DESCRIPTION OF THE TASK: Scan the listing below. Copy each line that contains "with".

SUPPLIED RECORDS:
definition gp_rot :: "nat \<Rightarrow> nat \<Rightarrow> bool \<times> nat \<Rightarrow> bool \<times> nat" where
  "gp_rot n j w = (fst w, (snd w + j) mod n)"

lemma gp_rot_in_verts: "0 < n \<Longrightarrow> gp_rot n j w \<in> gp_verts n"
  by (cases w) (auto simp: gp_rot_def gp_verts_def)

lemma gp_adj_rot:
  assumes "0 < n" "gp_adj n k a b"
  shows "gp_adj n k (gp_rot n j a) (gp_rot n j b)"
proof -
  obtain b1 i b2 i' where ab: "a = (b1, i)" "b = (b2, i')" by (cases a, cases b) auto
  have lt: "(x + j) mod n < n" for x using assms(1) by simp
  have shift: "((x + s) mod n + j) mod n = ((x + j) mod n + s) mod n" for x s
    by (metis add.commute add.left_commute mod_add_left_eq)
  from assms(2) show ?thesis
    unfolding ab gp_rot_def gp_adj_iff fst_conv snd_conv using lt shift[of _ 1] shift[of _ k]
    by metis
qed

lemma gp_rot_rot:
  assumes "w \<in> gp_verts n" "(j + j') mod n = 0"
  shows "gp_rot n j (gp_rot n j' w) = w"
proof -
  obtain b i where w: "w = (b, i)" "i < n" using assms(1) by (cases w) (auto simp: gp_verts_def)
  have "((i + j') mod n + j) mod n = (i + (j + j')) mod n"
    unfolding mod_add_left_eq by (simp add: ac_simps)
  also have "\<dots> = (i + (j + j') mod n) mod n"
    by (simp add: mod_add_right_eq)
  finally show ?thesis using w assms(2) by (simp add: gp_rot_def)
qed

definition cyclic_lipschitz :: "nat \<Rightarrow> nat \<Rightarrow> (nat \<Rightarrow> nat) \<Rightarrow> bool" where
  "cyclic_lipschitz n s R \<longleftrightarrow> (\<forall>i<n. R ((i + s) mod n) \<le> R i + 1 \<and> R i \<le> R ((i + s) mod n) + 1)"

lemma cyclic_lipschitzI:
  assumes "s \<le> n"
    and "\<And>i. i + s < n \<Longrightarrow> R (i + s) \<le> R i + 1 \<and> R i \<le> R (i + s) + 1"
    and "\<And>i. i < n \<Longrightarrow> n \<le> i + s \<Longrightarrow> R (i + s - n) \<le> R i + 1 \<and> R i \<le> R (i + s - n) + 1"
  shows "cyclic_lipschitz n s R"
  unfolding cyclic_lipschitz_def
proof (intro allI impI)
  fix i assume "i < n"
  moreover have "i + s < n \<Longrightarrow> (i + s) mod n = i + s" by simp
  moreover have "n \<le> i + s \<Longrightarrow> i < n \<Longrightarrow> (i + s) mod n = i + s - n"
    using assms(1) by (simp add: le_mod_geq)
  ultimately show "R ((i + s) mod n) \<le> R i + 1 \<and> R i \<le> R ((i + s) mod n) + 1"
    using assms(2,3) by (cases "i + s < n") auto
qed

definition gp_potential :: "(nat \<Rightarrow> nat) \<Rightarrow> (nat \<Rightarrow> nat) \<Rightarrow> bool \<times> nat \<Rightarrow> nat" where
  "gp_potential R S w = (if fst w then S (snd w) else R (snd w))"

lemma gp_potential_lipschitz:
  assumes "cyclic_lipschitz n 1 R" "cyclic_lipschitz n k S"
    and "\<And>i. i < n \<Longrightarrow> R i \<le> S i + 1 \<and> S i \<le> R i + 1"
    and "gp_adj n k a b"
  shows "gp_potential R S a \<le> gp_potential R S b + 1"
proof -
  obtain b1 i b2 j where ab: "a = (b1, i)" "b = (b2, j)" by (cases a, cases b) auto
  from assms(4) show ?thesis
    unfolding ab gp_adj_iff gp_potential_def using assms(1-3)
    by (auto simp: cyclic_lipschitz_def)
qed

lemma gp_potential_fiber [simp]:
  "gp_potential R S (False, i) = R i" "gp_potential R S (True, i) = S i"
  by (simp_all add: gp_potential_def)

lemma gp_potential_descent_outer:
  assumes "i < n"
    and "R ((i + 1) mod n) < R i \<or> R ((i + (n - 1)) mod n) < R i \<or> S i < R i"
  shows "\<exists>w\<in>gp_verts n. gp_adj n k (False, i) w \<and> gp_potential R S w < R i"
proof -
  have "(False, (i + 1) mod n) \<in> gp_verts n" "(False, (i + (n - 1)) mod n) \<in> gp_verts n"
    "(True, i) \<in> gp_verts n"
    using assms(1) by (auto simp: gp_verts_def)
  then show ?thesis
    using assms(2) gp_adj_outer_succ[OF assms(1)] gp_adj_outer_pred[OF assms(1)]
      gp_adj_spoke[OF assms(1), of k False] gp_potential_fiber
    by (metis (no_types, lifting))
qed

lemma gp_potential_descent_inner:
  assumes "i < n" "k \<le> n"
    and "S ((i + k) mod n) < S i \<or> S ((i + (n - k)) mod n) < S i \<or> R i < S i"
  shows "\<exists>w\<in>gp_verts n. gp_adj n k (True, i) w \<and> gp_potential R S w < S i"
proof -
  have "(True, (i + k) mod n) \<in> gp_verts n" "(True, (i + (n - k)) mod n) \<in> gp_verts n"
    "(False, i) \<in> gp_verts n"
    using assms(1) by (auto simp: gp_verts_def)
  then show ?thesis
    using assms(3) gp_adj_inner_succ[OF assms(1)] gp_adj_inner_pred[OF assms(1,2)]
      gp_adj_spoke[OF assms(1), of k True] gp_potential_fiber
    by (metis (no_types, lifting))
qed

lemma distance_potential_gp_potential:
  assumes base: "x \<in> gp_verts n" "gp_potential R S x = 0" and "k \<le> n"
    and lip: "cyclic_lipschitz n 1 R" "cyclic_lipschitz n k S"
      "\<And>i. i < n \<Longrightarrow> R i \<le> S i + 1 \<and> S i \<le> R i + 1"
    and outer: "\<And>i. i < n \<Longrightarrow> (False, i) \<noteq> x \<Longrightarrow>
      R ((i + 1) mod n) < R i \<or> R ((i + (n - 1)) mod n) < R i \<or> S i < R i"
    and inner: "\<And>i. i < n \<Longrightarrow> (True, i) \<noteq> x \<Longrightarrow>
      S ((i + k) mod n) < S i \<or> S ((i + (n - k)) mod n) < S i \<or> R i < S i"
  shows "distance_potential (gp_verts n) (gp_adj n k) x (gp_potential R S)"
  unfolding distance_potential_def
proof (intro conjI ballI impI)
  show "x \<in> gp_verts n" "gp_potential R S x = 0" by (fact base)+
  show "gp_potential R S a \<le> gp_potential R S b + 1" if "gp_adj n k a b" for a b
    using gp_potential_lipschitz[OF lip that] .
  show "\<exists>w'\<in>gp_verts n. gp_adj n k w w' \<and> gp_potential R S w' < gp_potential R S w"
    if w_in: "w \<in> gp_verts n" and w_ne: "w \<noteq> x" for w
  proof -
    obtain b i where w: "w = (b, i)" "i < n" using w_in by (cases w) (auto simp: gp_verts_def)
    show ?thesis
    proof (cases b)
      case False
      then have "(False, i) \<noteq> x" using w w_ne by simp
      with outer[OF w(2)] show ?thesis
        using gp_potential_descent_outer[where R = R and S = S, OF w(2)] w False by simp
    next
      case True
      then have "(True, i) \<noteq> x" using w w_ne by simp
      with inner[OF w(2)] show ?thesis
        using gp_potential_descent_inner[where R = R and S = S, OF w(2) \<open>k \<le> n\<close>] w True by simp
    qed
  qed
qed

section \<open>Distances in GP(n,4)\<close>

text \<open>\<open>1 + reach m\<close> is the distance from \<open>u\<^sub>0\<close> to \<open>v\<^sub>m\<close> in the infinite graph GP(\<int>,4).\<close>

definition reach :: "nat \<Rightarrow> nat" where
  "reach m = m div 4 + min 2 (m mod 4)"

lemma reach_small [simp]:
  "reach 0 = 0" "reach (Suc 0) = 1" "reach 2 = 2" "reach 3 = 2" "reach 4 = 1"
  by (simp_all add: reach_def)

lemma reach_add4: "reach (m + 4) = reach m + 1"
  by (simp add: reach_def)

lemma reach_pos: "0 < m \<Longrightarrow> 0 < reach m"
  by (auto simp: reach_def min_def)

lemma reach_le: "reach m \<le> m"
  by (auto simp: reach_def min_def)

lemma reach_bounds: "m div 4 \<le> reach m" "reach m \<le> m div 4 + 2"
  by (simp_all add: reach_def)

lemma reach_Suc: "reach (Suc m) \<le> reach m + 1 \<and> reach m \<le> reach (Suc m) + 1"
  by (auto simp: reach_def div_Suc mod_Suc min_def)

lemma reach_dvd4: "m mod 4 = 0 \<Longrightarrow> reach m = m div 4"
  by (simp add: reach_def)

lemma reach_add2_le: "4 \<le> m \<Longrightarrow> reach m + 2 \<le> m"
  by (auto simp: reach_def min_def) (use div_mult_mod_eq[of m 4] in linarith)+

lemma reach_Suc_up: "m mod 4 = 0 \<or> m mod 4 = 1 \<Longrightarrow> reach (Suc m) = reach m + 1"
  by (auto simp: reach_def div_Suc mod_Suc)

lemma reach_Suc_down: "m mod 4 = 3 \<Longrightarrow> reach m = reach (Suc m) + 1"
  by (auto simp: reach_def div_Suc mod_Suc)

lemma reach_le4: "m \<le> 4 \<Longrightarrow> reach m \<le> 2"
  by (cases "m = 4") (auto simp: reach_def min_def)

definition reach_cyc :: "nat \<Rightarrow> nat \<Rightarrow> nat" where
  "reach_cyc n i = min (reach i) (reach (n - i))"

text \<open>Distances from \<open>u\<^sub>0\<close> to \<open>u\<^sub>i\<close>, from \<open>u\<^sub>0\<close> to \<open>v\<^sub>i\<close> (equal to that from \<open>v\<^sub>0\<close> to \<open>u\<^sub>i\<close>)
  and from \<open>v\<^sub>0\<close> to \<open>v\<^sub>i\<close>, valid for \<open>n > 24\<close>; the terms \<open>i div 4\<close> and \<open>(n - i) div 4\<close> count walks
  along inner edges only.\<close>

definition dist_uu :: "nat \<Rightarrow> nat \<Rightarrow> nat" where
  "dist_uu n i = min (min i (n - i)) (2 + reach_cyc n i)"

definition dist_uv :: "nat \<Rightarrow> nat \<Rightarrow> nat" where
  "dist_uv n i = 1 + reach_cyc n i"

definition dist_vv :: "nat \<Rightarrow> nat \<Rightarrow> nat" where
  "dist_vv n i = min (2 + reach_cyc n i)
     (min (if i mod 4 = 0 then i div 4 else 2 + reach_cyc n i)
          (if (n - i) mod 4 = 0 then (n - i) div 4 else 2 + reach_cyc n i))"

lemma reach_cyc_Suc:
  "Suc i < n \<Longrightarrow> reach_cyc n (Suc i) \<le> reach_cyc n i + 1 \<and> reach_cyc n i \<le> reach_cyc n (Suc i) + 1"
  using reach_Suc[of i] reach_Suc[of "n - Suc i"] Suc_diff_Suc[of i n]
  unfolding reach_cyc_def by (simp add: min_def)

lemma reach_cyc_add4:
  assumes "i + 4 < n"
  shows "reach_cyc n (i + 4) \<le> reach_cyc n i + 1 \<and> reach_cyc n i \<le> reach_cyc n (i + 4) + 1"
proof -
  have "n - i = (n - (i + 4)) + 4" using assms by simp
  then have "reach (n - i) = reach (n - (i + 4)) + 1" by (metis reach_add4)
  then show ?thesis using reach_add4[of i] unfolding reach_cyc_def by (simp add: min_def)
qed

lemma reach_cyc_left:
  assumes "24 < n" "i \<le> 8"
  shows "reach_cyc n i = reach i"
proof -
  have "reach i \<le> i div 4 + 2" by (rule reach_bounds)
  also have "\<dots> \<le> (n - i) div 4" using assms by simp
  also have "\<dots> \<le> reach (n - i)" by (rule reach_bounds)
  finally show ?thesis unfolding reach_cyc_def by simp
qed

lemma reach_cyc_right:
  assumes "24 < n" "i < n" "n - i \<le> 8"
  shows "reach_cyc n i = reach (n - i)"
proof -
  have "reach (n - i) \<le> (n - i) div 4 + 2" by (rule reach_bounds)
  also have "\<dots> \<le> i div 4" using assms by simp
  also have "\<dots> \<le> reach i" by (rule reach_bounds)
  finally show ?thesis unfolding reach_cyc_def by simp
qed

lemma reach_cyc_wrap4:
  assumes "24 < n" "i < n" "n \<le> i + 4"
  shows "reach_cyc n (i + 4 - n) \<le> reach_cyc n i + 1 \<and> reach_cyc n i \<le> reach_cyc n (i + 4 - n) + 1"
proof -
  have d: "n - i = 1 \<or> n - i = 2 \<or> n - i = 3 \<or> n - i = 4" using assms by auto
  have "reach_cyc n i = reach (n - i)" using assms by (intro reach_cyc_right) auto
  moreover have "reach_cyc n (i + 4 - n) = reach (4 - (n - i))"
    using reach_cyc_left[of n "i + 4 - n"] assms by (simp add: add.commute)
  ultimately show ?thesis using d by auto
qed

lemma reach_cyc_le: "i < n \<Longrightarrow> reach_cyc n i \<le> i \<and> reach_cyc n i \<le> n - i"
  unfolding reach_cyc_def using reach_le[of i] reach_le[of "n - i"] by auto

lemma dist_uu_Suc:
  assumes "Suc i < n"
  shows "dist_uu n (Suc i) \<le> dist_uu n i + 1 \<and> dist_uu n i \<le> dist_uu n (Suc i) + 1"
proof -
  have "n - i = Suc (n - Suc i)" using assms by simp
  then show ?thesis unfolding dist_uu_def using reach_cyc_Suc[OF assms] by arith
qed

lemma dist_vv_left:
  assumes "24 < n" "i \<le> 4"
  shows "dist_vv n i = (if i mod 4 = 0 then min (2 + reach i) (i div 4) else 2 + reach i)"
proof -
  have e: "reach_cyc n i = reach i" using assms by (intro reach_cyc_left) auto
  have "2 + reach i \<le> 4" using reach_le4[OF assms(2)] by simp
  also have "4 \<le> (n - i) div 4" using assms by simp
  finally show ?thesis unfolding dist_vv_def e by (auto simp: min_def)
qed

EXERCISE RESPONSE:
      with outer[OF w(2)] show ?thesis
      with inner[OF w(2)] show ?thesis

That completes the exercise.